Gilda Gnecco falleció el 31 de diciembre de 2025, sin cansarse nunca de alzar la voz por su amiga. Gilda murió también con la tristeza de constatar que el país - el mismo por el que su amiga entregó la vida - no siempre estuvo a la altura de esa memoria. No como reproche individual, sino como constatación amarga de una memoria frágil, intermitente, demasiadas veces traicionada por el olvido, la comodidad y el negacionismo.

Para el Trabajo Social chileno, Carola no es pasado. Es identidad profesional. Es herida ética. Es advertencia. En tiempos donde se intenta reducir la profesión a indicadores, formularios y gestión de casos, su historia recuerda que el Trabajo Social nació del territorio, del compromiso con la vida digna y de una ética que no separa técnica de humanidad.

Hablar hoy de determinantes sociales de la salud, calidad y pediatría social parece evidente. Sin embargo, hubo un tiempo en que comprender que la enfermedad, la desnutrición infantil, el alcoholismo, el sufrimiento psíquico o incluso la muerte estaban profundamente vinculados a las condiciones de vida, al territorio y a la desigualdad social era una mirada disruptiva. Antes de que estos conceptos se institucionalizaran en políticas públicas o estándares de calidad, ya había profesionales que los practicaban en el terreno. El Trabajo Social y la pediatría social fueron parte de esa incomodidad temprana: no solo atendían síntomas, sino que interrogaban causas; no reducían la calidad a eficiencia técnica, sino que la entendían como dignidad, acceso, continuidad y cuidado integral.

Recordar a Carola Wiff y a Gilda Gnecco no es un ejercicio nostálgico ni un gesto simbólico vacío. Es una toma de posición frente al presente. Es afirmar que la salud, el Trabajo Social y la democracia no pueden existir sin memoria, sin justicia y sin dignidad. Es reconocer que hubo - y hay - profesiones que incomodan porque se niegan a separar técnica de humanidad, cuidado de política, ética de acción. Mientras sus nombres sigan pronunciándose, mientras sus historias sigan incomodando, mientras sus convicciones sigan orientando decisiones cotidianas y colectivas, no habrán sido vencidas. Porque la memoria, cuando se ejerce con consecuencia, también es una forma de resistencia.

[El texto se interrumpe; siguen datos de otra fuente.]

lemma frob_exponent_bounds:
  fixes a b kA kB c p :: nat
  assumes "a \<le> kA" "b \<le> kB" "1 \<le> c" "2 \<le> p"
  shows "- (int (c + kA * (p - 1)) - 1) \<le> (int b - int a) * (int p - 1)"
    and "(int b - int a) * (int p - 1) \<le> int (c + kB * (p - 1)) - 1"
proof -
  have "int a * (int p - 1) \<le> int kA * (int p - 1)" "int b * (int p - 1) \<le> int kB * (int p - 1)"
    using assms by (simp_all add: mult_right_mono)
  moreover have "0 \<le> int a * (int p - 1)" "0 \<le> int b * (int p - 1)"
    using assms(4) by simp_all
  moreover have "int (c + kA * (p - 1)) = int c + int kA * (int p - 1)"
    "int (c + kB * (p - 1)) = int c + int kB * (int p - 1)"
    using assms(4) by (simp_all add: of_nat_diff)
  moreover have "(int b - int a) * (int p - 1) = int b * (int p - 1) - int a * (int p - 1)"
    by (simp add: left_diff_distrib)
  ultimately show "- (int (c + kA * (p - 1)) - 1) \<le> (int b - int a) * (int p - 1)"
    and "(int b - int a) * (int p - 1) \<le> int (c + kB * (p - 1)) - 1"
    using assms(3) by linarith+
qed

definition frob_twists_within :: "nat \<Rightarrow> ('k \<Rightarrow> 'l::field) multiset \<Rightarrow> ('k \<Rightarrow> 'l) multiset \<Rightarrow> bool"
  where "frob_twists_within p S T \<longleftrightarrow> (\<forall>\<psi>\<in>#T. \<exists>\<phi>\<in>#S. \<exists>l::int.
    - (int (size T) - 1) \<le> l * (int p - 1) \<and> l * (int p - 1) \<le> int (size S) - 1 \<and> frob_twist \<phi> p l \<psi>)"
theorem lemma12:
  fixes X :: "'a set" and \<rho> :: "'a \<Rightarrow> 'a \<Rightarrow> real" and n k :: nat and \<delta> \<alpha> :: real
    and c :: "nat \<Rightarrow> 'a" and P1 T :: "'a set" and L :: nat and B :: "nat \<Rightarrow> 'a set"
  assumes metric: "finite_metric X \<rho>"
    and n_def: "card X = n"
    and k: "k \<ge> 2"
    and \<delta>: "0 < \<delta>" "\<delta> < 1"
    and opt: "is_opt X \<rho> k c"
    and \<alpha>: "0 < \<alpha>" "\<alpha> \<le> 1 / 6"
    and \<alpha>n_int: "\<alpha> * real n \<in> \<int>"
    and P1: "P1 \<subseteq> X" "real (card P1) = \<alpha> * real n"
    and T: "T \<subseteq> X" "T \<noteq> {}"
    and bins: "linear_bin_division \<rho> (phi k \<delta> \<alpha> / 15) X (c ` {1..k}) L B"
    and n_ge: "real n \<ge> phi k \<delta> \<alpha> / 15"
    and bins_rep: "well_rep_bins X P1 L B"
    and clusters_rep: "\<forall>i\<in>{1..k}. real (card (opt_cluster X \<rho> k c i)) \<ge> phi k \<delta> \<alpha>
                         \<longrightarrow> well_rep X P1 (opt_cluster X \<rho> k c i)"
  shows "Rcost \<rho> (X_large X \<rho> k c \<delta> \<alpha>) T
         \<le> Rcost \<rho> (X_large X \<rho> k c \<delta> \<alpha>) (c ` {1..k})
           + 4 / \<alpha> * (Rcost \<rho> (P1 - B 1) (c ` {1..k}) + Rcost \<rho> P1 T)"
proof -
  define Opt C \<phi> where "Opt = c ` {1..k}" and "C = opt_cluster X \<rho> k c" and "\<phi> = phi k \<delta> \<alpha>"
  define I where "I = {i \<in> {1..k}. \<phi> \<le> real (card (C i))}"
  define S where "S i = C i \<inter> (P1 - B 1)" for i
  have finX: "finite X" using metric unfolding finite_metric_def by blast
  have Opt: "Opt \<subseteq> X" "Opt \<noteq> {}" using opt k unfolding is_opt_def Opt_def by auto
  have C_sub: "C i \<subseteq> X" for i unfolding C_def opt_cluster_def by auto
  have \<phi>_pos: "0 < \<phi>" unfolding \<phi>_def using phi_pos k \<delta> \<alpha> by simp
  have ratio: "real (card P1) / real (card X) = \<alpha>" using P1 n_def n_ge \<phi>_pos \<phi>_def by simp
  have B1: "B 1 \<subseteq> X" "well_rep X P1 (B 1)" "real (card (B 1)) \<le> \<phi> / 6"
    using bins bins_rep unfolding linear_bin_division_def well_rep_bins_def \<phi>_def by auto
  have size: "real (card (C i)) \<le> 4 / \<alpha> * real (card (S i))" if "i \<in> I" for i
  proof (unfold S_def, rule well_rep_sample_avoiding_small_set[OF _ _ _ B1(2) ratio \<alpha>(1)])
    show "finite (C i)" "finite (B 1)" using C_sub B1(1) finX finite_subset by metis+
    show "well_rep X P1 (C i)" "real (card (B 1)) \<le> real (card (C i)) / 6"
      using clusters_rep that B1(3) unfolding I_def C_def \<phi>_def by auto
  qed
  have disjoint: "\<forall>i\<in>I. \<forall>j\<in>I. i \<noteq> j \<longrightarrow> C i \<inter> C j = {}"
    using opt_cluster_disjoint[of _ _ X \<rho> k c] unfolding C_def by blast
  have centre: "\<forall>i\<in>I. \<forall>x\<in>C i. dist_set \<rho> x Opt = \<rho> x (c i)"
    using dist_set_opt_cluster[OF metric Opt(1)[unfolded Opt_def]] k
    unfolding C_def Opt_def by simp
  have "Rcost \<rho> (\<Union>i\<in>I. C i) T
        \<le> Rcost \<rho> (\<Union>i\<in>I. C i) Opt + 4 / \<alpha> * (Rcost \<rho> (\<Union>i\<in>I. S i) Opt + Rcost \<rho> (\<Union>i\<in>I. S i) T)"
  proof (rule Rcost_clusters_transfer[OF metric _ disjoint _ _ _ Opt T centre])
    show "finite I" unfolding I_def by simp
    show "\<forall>i\<in>I. C i \<subseteq> X" "\<forall>i\<in>I. S i \<subseteq> C i" "0 \<le> 4 / \<alpha>"
      using C_sub \<alpha>(1) unfolding S_def by auto
    show "\<forall>i\<in>I. c i \<in> X" using Opt(1) unfolding I_def Opt_def by auto
  qed (use size in blast)
  also have "\<dots> \<le> Rcost \<rho> (\<Union>i\<in>I. C i) Opt + 4 / \<alpha> * (Rcost \<rho> (P1 - B 1) Opt + Rcost \<rho> P1 T)"
  proof -
    have samples: "(\<Union>i\<in>I. S i) \<subseteq> P1 - B 1" unfolding S_def by blast
    have "Rcost \<rho> (\<Union>i\<in>I. S i) Opt \<le> Rcost \<rho> (P1 - B 1) Opt"
      using Rcost_mono[OF metric samples _ Opt] P1(1) by blast
    moreover have "Rcost \<rho> (\<Union>i\<in>I. S i) T \<le> Rcost \<rho> P1 T"
      using Rcost_mono[OF metric _ P1(1) T] samples by blast
    ultimately show ?thesis using \<alpha>(1) by (intro add_left_mono mult_left_mono add_mono) simp_all
  qed
  also have "(\<Union>i\<in>I. C i) = X_large X \<rho> k c \<delta> \<alpha>"
    unfolding X_large_def I_def C_def \<phi>_def by blast
  finally show ?thesis unfolding Opt_def .
qed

Carola Wiff y Gilda Gnecco no están en vida. Pero siguen estando. En los determinantes sociales que aún incomodan a la salud pública. En la pediatría social que resistió incluso en la clandestinidad. En la calidad entendida como dignidad y no como cifra. En la enseñanza ética que no se transa. En la lealtad que no claudica.

Y desde hoy, también, en cada decisión cívica que el Trabajo Social no puede mirar como neutra. Porque votar no es un trámite. Es memoria en acto. Es responsabilidad histórica. Es dignidad. Recordarlas en cada voto no es partidismo: es ética. Es preguntarse si esa decisión honra la vida digna, la justicia social y la memoria de quienes fueron perseguidas por ejercer su profesión con consecuencia.

Recordarlas no es mirar al pasado.
Es negarse, una y otra vez, a traicionarlo.